EXERCISE DIRECTIONS
Could you print every record below exactly as written?
[THE INPUT]
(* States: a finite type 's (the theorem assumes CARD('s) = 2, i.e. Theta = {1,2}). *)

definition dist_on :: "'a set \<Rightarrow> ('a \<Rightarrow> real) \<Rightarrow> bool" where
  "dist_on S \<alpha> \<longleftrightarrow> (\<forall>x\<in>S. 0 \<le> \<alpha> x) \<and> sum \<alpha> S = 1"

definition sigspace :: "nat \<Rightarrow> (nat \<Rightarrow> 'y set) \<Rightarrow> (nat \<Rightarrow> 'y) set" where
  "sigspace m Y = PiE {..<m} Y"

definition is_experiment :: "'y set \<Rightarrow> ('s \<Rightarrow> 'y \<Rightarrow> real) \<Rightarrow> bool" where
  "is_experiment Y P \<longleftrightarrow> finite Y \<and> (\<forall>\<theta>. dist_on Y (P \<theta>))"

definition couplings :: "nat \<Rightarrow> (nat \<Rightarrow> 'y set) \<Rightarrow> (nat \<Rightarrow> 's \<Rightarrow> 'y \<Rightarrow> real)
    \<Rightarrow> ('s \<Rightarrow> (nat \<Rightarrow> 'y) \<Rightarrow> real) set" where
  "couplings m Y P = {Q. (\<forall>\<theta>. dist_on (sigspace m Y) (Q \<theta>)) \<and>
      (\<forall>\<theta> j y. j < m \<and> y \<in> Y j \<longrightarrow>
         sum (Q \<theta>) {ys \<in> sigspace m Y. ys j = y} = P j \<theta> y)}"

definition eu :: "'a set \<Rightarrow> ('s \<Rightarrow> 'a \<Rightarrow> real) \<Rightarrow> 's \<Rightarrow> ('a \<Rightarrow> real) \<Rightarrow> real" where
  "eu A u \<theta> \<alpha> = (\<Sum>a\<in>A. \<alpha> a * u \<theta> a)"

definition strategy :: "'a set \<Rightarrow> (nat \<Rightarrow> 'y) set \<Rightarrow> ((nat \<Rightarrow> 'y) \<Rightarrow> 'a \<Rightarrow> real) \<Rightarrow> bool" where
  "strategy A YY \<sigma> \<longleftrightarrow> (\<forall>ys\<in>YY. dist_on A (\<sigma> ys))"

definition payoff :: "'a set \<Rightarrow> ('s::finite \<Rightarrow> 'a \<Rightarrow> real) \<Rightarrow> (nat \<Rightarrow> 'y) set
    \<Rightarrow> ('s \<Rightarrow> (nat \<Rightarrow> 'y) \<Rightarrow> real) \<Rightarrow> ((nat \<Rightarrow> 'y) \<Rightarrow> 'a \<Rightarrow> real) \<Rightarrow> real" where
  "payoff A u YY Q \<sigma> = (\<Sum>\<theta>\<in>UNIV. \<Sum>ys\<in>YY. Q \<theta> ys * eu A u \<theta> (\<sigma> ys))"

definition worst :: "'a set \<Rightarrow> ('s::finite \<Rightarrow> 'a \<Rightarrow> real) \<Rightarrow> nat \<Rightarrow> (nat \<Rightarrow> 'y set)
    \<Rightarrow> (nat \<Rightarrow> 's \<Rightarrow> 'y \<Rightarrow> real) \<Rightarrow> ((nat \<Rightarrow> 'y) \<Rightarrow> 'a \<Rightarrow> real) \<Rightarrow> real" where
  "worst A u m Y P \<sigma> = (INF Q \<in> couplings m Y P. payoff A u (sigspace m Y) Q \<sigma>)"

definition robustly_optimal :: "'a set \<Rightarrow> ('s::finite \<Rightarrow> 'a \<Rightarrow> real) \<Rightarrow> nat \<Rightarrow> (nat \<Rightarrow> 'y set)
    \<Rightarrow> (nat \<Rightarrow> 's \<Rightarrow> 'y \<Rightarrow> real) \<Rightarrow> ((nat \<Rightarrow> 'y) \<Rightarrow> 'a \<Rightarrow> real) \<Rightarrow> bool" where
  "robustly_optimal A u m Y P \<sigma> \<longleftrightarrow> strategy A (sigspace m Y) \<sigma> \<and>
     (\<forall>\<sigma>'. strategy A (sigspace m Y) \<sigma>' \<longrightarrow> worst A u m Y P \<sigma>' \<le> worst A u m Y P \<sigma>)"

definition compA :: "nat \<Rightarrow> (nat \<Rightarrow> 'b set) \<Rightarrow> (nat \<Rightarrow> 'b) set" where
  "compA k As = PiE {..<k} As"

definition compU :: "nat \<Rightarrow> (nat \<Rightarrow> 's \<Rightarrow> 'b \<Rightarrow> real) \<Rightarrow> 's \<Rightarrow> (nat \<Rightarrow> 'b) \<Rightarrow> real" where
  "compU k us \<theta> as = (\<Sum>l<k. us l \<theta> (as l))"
[/THE INPUT]
OUTPUT OF THE TASK
(* States: a finite type 's (the theorem assumes CARD('s) = 2, i.e. Theta = {1,2}). *)

definition dist_on :: "'a set \<Rightarrow> ('a \<Rightarrow> real) \<Rightarrow> bool" where
  "dist_on S \<alpha> \<longleftrightarrow> (\<forall>x\<in>S. 0 \<le> \<alpha> x) \<and> sum \<alpha> S = 1"

definition sigspace :: "nat \<Rightarrow> (nat \<Rightarrow> 'y set) \<Rightarrow> (nat \<Rightarrow> 'y) set" where
  "sigspace m Y = PiE {..<m} Y"

definition is_experiment :: "'y set \<Rightarrow> ('s \<Rightarrow> 'y \<Rightarrow> real) \<Rightarrow> bool" where
  "is_experiment Y P \<longleftrightarrow> finite Y \<and> (\<forall>\<theta>. dist_on Y (P \<theta>))"

definition couplings :: "nat \<Rightarrow> (nat \<Rightarrow> 'y set) \<Rightarrow> (nat \<Rightarrow> 's \<Rightarrow> 'y \<Rightarrow> real)
    \<Rightarrow> ('s \<Rightarrow> (nat \<Rightarrow> 'y) \<Rightarrow> real) set" where
  "couplings m Y P = {Q. (\<forall>\<theta>. dist_on (sigspace m Y) (Q \<theta>)) \<and>
      (\<forall>\<theta> j y. j < m \<and> y \<in> Y j \<longrightarrow>
         sum (Q \<theta>) {ys \<in> sigspace m Y. ys j = y} = P j \<theta> y)}"

definition eu :: "'a set \<Rightarrow> ('s \<Rightarrow> 'a \<Rightarrow> real) \<Rightarrow> 's \<Rightarrow> ('a \<Rightarrow> real) \<Rightarrow> real" where
  "eu A u \<theta> \<alpha> = (\<Sum>a\<in>A. \<alpha> a * u \<theta> a)"

definition strategy :: "'a set \<Rightarrow> (nat \<Rightarrow> 'y) set \<Rightarrow> ((nat \<Rightarrow> 'y) \<Rightarrow> 'a \<Rightarrow> real) \<Rightarrow> bool" where
  "strategy A YY \<sigma> \<longleftrightarrow> (\<forall>ys\<in>YY. dist_on A (\<sigma> ys))"

definition payoff :: "'a set \<Rightarrow> ('s::finite \<Rightarrow> 'a \<Rightarrow> real) \<Rightarrow> (nat \<Rightarrow> 'y) set
    \<Rightarrow> ('s \<Rightarrow> (nat \<Rightarrow> 'y) \<Rightarrow> real) \<Rightarrow> ((nat \<Rightarrow> 'y) \<Rightarrow> 'a \<Rightarrow> real) \<Rightarrow> real" where
  "payoff A u YY Q \<sigma> = (\<Sum>\<theta>\<in>UNIV. \<Sum>ys\<in>YY. Q \<theta> ys * eu A u \<theta> (\<sigma> ys))"

definition worst :: "'a set \<Rightarrow> ('s::finite \<Rightarrow> 'a \<Rightarrow> real) \<Rightarrow> nat \<Rightarrow> (nat \<Rightarrow> 'y set)
    \<Rightarrow> (nat \<Rightarrow> 's \<Rightarrow> 'y \<Rightarrow> real) \<Rightarrow> ((nat \<Rightarrow> 'y) \<Rightarrow> 'a \<Rightarrow> real) \<Rightarrow> real" where
  "worst A u m Y P \<sigma> = (INF Q \<in> couplings m Y P. payoff A u (sigspace m Y) Q \<sigma>)"

definition robustly_optimal :: "'a set \<Rightarrow> ('s::finite \<Rightarrow> 'a \<Rightarrow> real) \<Rightarrow> nat \<Rightarrow> (nat \<Rightarrow> 'y set)
    \<Rightarrow> (nat \<Rightarrow> 's \<Rightarrow> 'y \<Rightarrow> real) \<Rightarrow> ((nat \<Rightarrow> 'y) \<Rightarrow> 'a \<Rightarrow> real) \<Rightarrow> bool" where
  "robustly_optimal A u m Y P \<sigma> \<longleftrightarrow> strategy A (sigspace m Y) \<sigma> \<and>
     (\<forall>\<sigma>'. strategy A (sigspace m Y) \<sigma>' \<longrightarrow> worst A u m Y P \<sigma>' \<le> worst A u m Y P \<sigma>)"

definition compA :: "nat \<Rightarrow> (nat \<Rightarrow> 'b set) \<Rightarrow> (nat \<Rightarrow> 'b) set" where
  "compA k As = PiE {..<k} As"

definition compU :: "nat \<Rightarrow> (nat \<Rightarrow> 's \<Rightarrow> 'b \<Rightarrow> real) \<Rightarrow> 's \<Rightarrow> (nat \<Rightarrow> 'b) \<Rightarrow> real" where
  "compU k us \<theta> as = (\<Sum>l<k. us l \<theta> (as l))"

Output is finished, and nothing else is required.